WHAT TO DO →
Show each line of the listing in which the word "cauchy" occurs.
........
lemma vel_diff_exp_decay:
  obtains K \<beta> where "0 \<le> K" "0 < \<beta>"
    "\<And>t i k. 1 \<le> t \<Longrightarrow> i \<in> {1..N} \<Longrightarrow> k \<in> {1..N} \<Longrightarrow> norm (vel i t - vel k t) \<le> K * exp (- \<beta> * t)"
proof
  define \<beta> where "\<beta> = \<kappa> * m * D powr (- \<alpha>)"
  show "0 < \<beta>" unfolding \<beta>_def using kappa m D by simp
  show "0 \<le> M * sqrt (p_var {1..N} 1) * exp \<beta>"
    using m m_le_M p_var_nonneg by simp
  fix t :: real and i k assume t: "1 \<le> t" and ik: "i \<in> {1..N}" "k \<in> {1..N}"
  have "p_var {1..N} t \<le> p_var {1..N} 1 * exp (- (2 * \<beta>) * (t - 1))"
    unfolding \<beta>_def
    by (rule exp_decay_of_deriv_le[OF t, where X' = "\<lambda>s. \<Sum>i\<in>{1..N}. \<Sum>j\<in>{1..N}.
          2 * inner (p i s - p j s) (force i s - force j s)"])
       (use p_var_has_derivative p_var_deriv_le_all in \<open>auto simp: mult.assoc\<close>)
  also have "exp (- (2 * \<beta>) * (t - 1)) = (exp \<beta> * exp (- \<beta> * t))\<^sup>2"
    by (simp add: power2_eq_square exp_add[symmetric] algebra_simps)
  finally have "sqrt (p_var {1..N} t) \<le> sqrt (p_var {1..N} 1 * (exp \<beta> * exp (- \<beta> * t))\<^sup>2)"
    by (rule real_sqrt_le_mono)
  also have "\<dots> = sqrt (p_var {1..N} 1) * exp \<beta> * exp (- \<beta> * t)"
    by (simp add: real_sqrt_mult)
  finally have decay: "sqrt (p_var {1..N} t) \<le> sqrt (p_var {1..N} 1) * exp \<beta> * exp (- \<beta> * t)" .
  have M: "0 \<le> M" using m m_le_M by simp
  have "norm (vel i t - vel k t) \<le> M * norm (p i t - p k t)"
    using ik t by (intro vel_lipschitz) auto
  also have "\<dots> \<le> M * sqrt (p_var {1..N} t)"
    using M ik by (intro mult_left_mono norm_p_diff_le_sqrt_p_var) auto
  also have "\<dots> \<le> M * (sqrt (p_var {1..N} 1) * exp \<beta> * exp (- \<beta> * t))"
    using M decay by (rule mult_left_mono[rotated])
  finally show "norm (vel i t - vel k t) \<le> M * sqrt (p_var {1..N} 1) * exp \<beta> * exp (- \<beta> * t)"
    by (simp add: mult.assoc)
qed

lemma rel_pos_tendsto_0_or_separated:
  assumes ij: "i \<in> {1..N}" "j \<in> {1..N}"
  shows "((\<lambda>t. q i t - q j t) \<longlongrightarrow> 0) at_top \<or> (\<exists>\<delta>>0. eventually (\<lambda>t. \<delta> \<le> norm (q i t - q j t)) at_top)"
proof -
  obtain K \<beta> where K: "0 \<le> K" and \<beta>: "0 < \<beta>"
    and decay: "\<And>t. 1 \<le> t \<Longrightarrow> norm (vel i t - vel j t) \<le> K * exp (- \<beta> * t)"
    using vel_diff_exp_decay ij by metis
  define \<rho> where "\<rho> s = K / \<beta> * exp (- \<beta> * s)" for s
  have "norm ((q i t - q j t) - (q i s - q j s)) \<le> \<rho> s" if s: "1 \<le> s" "s \<le> t" for s t
  proof -
    have "norm ((q i t - q j t) - (q i s - q j s)) \<le> - \<rho> t - - \<rho> s"
    proof (rule norm_diff_le_by_derivative_bound[OF s(2), where f' = "\<lambda>x. vel i x - vel j x"
          and \<phi>' = "\<lambda>x. K * exp (- \<beta> * x)"])
      fix x assume "s \<le> x" "x \<le> t"
      then show "((\<lambda>x. q i x - q j x) has_vector_derivative vel i x - vel j x) (at x)"
        and "((\<lambda>x. - \<rho> x) has_real_derivative K * exp (- \<beta> * x)) (at x)"
        and "norm (vel i x - vel j x) \<le> K * exp (- \<beta> * x)"
        using s ij \<beta> decay unfolding \<rho>_def
        by (auto intro!: has_vector_derivative_diff q_has_derivative derivative_eq_intros)
    qed
    moreover have "0 \<le> \<rho> t" unfolding \<rho>_def using K \<beta> by simp
    ultimately show ?thesis by linarith
  qed
  then have cauchy: "\<bar>norm (q i t - q j t) - norm (q i s - q j s)\<bar> \<le> \<rho> s" if "1 \<le> s" "s \<le> t" for s t
    using that norm_triangle_ineq3 order_trans by blast
  have "(\<rho> \<longlongrightarrow> 0) at_top"
  proof -
    have "filterlim (\<lambda>s. - \<beta> * s) at_bot at_top"
      using \<beta> by (intro filterlim_tendsto_neg_mult_at_bot[OF tendsto_const] filterlim_ident) auto
    then have "((\<lambda>s. exp (- \<beta> * s)) \<longlongrightarrow> 0) at_top"
      by (rule filterlim_compose[OF exp_at_bot])
    then show ?thesis unfolding \<rho>_def[abs_def] by (rule tendsto_mult_right_zero)
  qed
  from tendsto_0_or_eventually_ge_pos[OF norm_ge_zero this cauchy]
  show ?thesis by (simp add: tendsto_norm_zero_iff)
qed

end

locale cs_cluster = cs_flocking +
  fixes C :: "nat set" and \<delta> T K \<beta> :: real
  assumes C: "C \<subseteq> {1..N}" and C_nontrivial: "\<exists>i\<in>C. \<exists>j\<in>C. i \<noteq> j"
    and \<delta>: "0 < \<delta>" and T: "0 < T" and K: "0 \<le> K" and \<beta>: "0 < \<beta>"
    and vel_decay: "\<And>t i k. T \<le> t \<Longrightarrow> i \<in> {1..N} \<Longrightarrow> k \<in> {1..N} \<Longrightarrow>
                      norm (vel i t - vel k t) \<le> K * exp (- \<beta> * t)"
    and separated: "\<And>t i k. T \<le> t \<Longrightarrow> i \<in> C \<Longrightarrow> k \<in> {1..N} - C \<Longrightarrow> \<delta> \<le> norm (q i t - q k t)"
begin

definition \<Lambda> :: "real \<Rightarrow> real" where
  "\<Lambda> t = q_var C t powr (- \<alpha> / 2)"

definition V :: "real \<Rightarrow> real" where
  "V t = q_var C t powr ((1 - \<alpha>) / 2)"

definition A :: real where
  "A = \<kappa> * real (card C) * m / real N"

definition B :: real where
  "B = 2 * (real (card C))\<^sup>2 * \<kappa> * \<delta> powr (- \<alpha>) * K"

definition \<gamma> :: real where
  "\<gamma> = (\<alpha> - 1) * (real (card C))\<^sup>2 * M"

lemma finite_C: "finite C"
  using C finite_subset by blast

lemma A_pos: "0 < A"
proof -
  have "0 < card C" using C_nontrivial finite_C card_gt_0_iff by blast
  then show ?thesis unfolding A_def using kappa m N by simp
qed

lemma B_nonneg: "0 \<le> B"
  unfolding B_def using kappa K by simp

lemma \<gamma>_nonneg: "0 \<le> \<gamma>"
  unfolding \<gamma>_def using alpha m m_le_M by simp

lemma q_var_pos: "0 \<le> t \<Longrightarrow> 0 < q_var C t"
proof -
  assume t: "0 \<le> t"
  obtain i j where ij: "i \<in> C" "j \<in> C" "i \<noteq> j" using C_nontrivial by blast
  then have "q i t \<noteq> q j t" using C q_noncollision[OF t] by blast
  then have "0 < norm (q i t - q j t)" by simp
  also have "\<dots> \<le> sqrt (q_var C t)" using finite_C ij(1,2) by (rule norm_q_diff_le_sqrt_q_var)
  finally show ?thesis by simp
qed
........
ANSWER FOR THE TASK →
  then have cauchy: "\<bar>norm (q i t - q j t) - norm (q i s - q j s)\<bar> \<le> \<rho> s" if "1 \<le> s" "s \<le> t" for s t
  from tendsto_0_or_eventually_ge_pos[OF norm_ge_zero this cauchy]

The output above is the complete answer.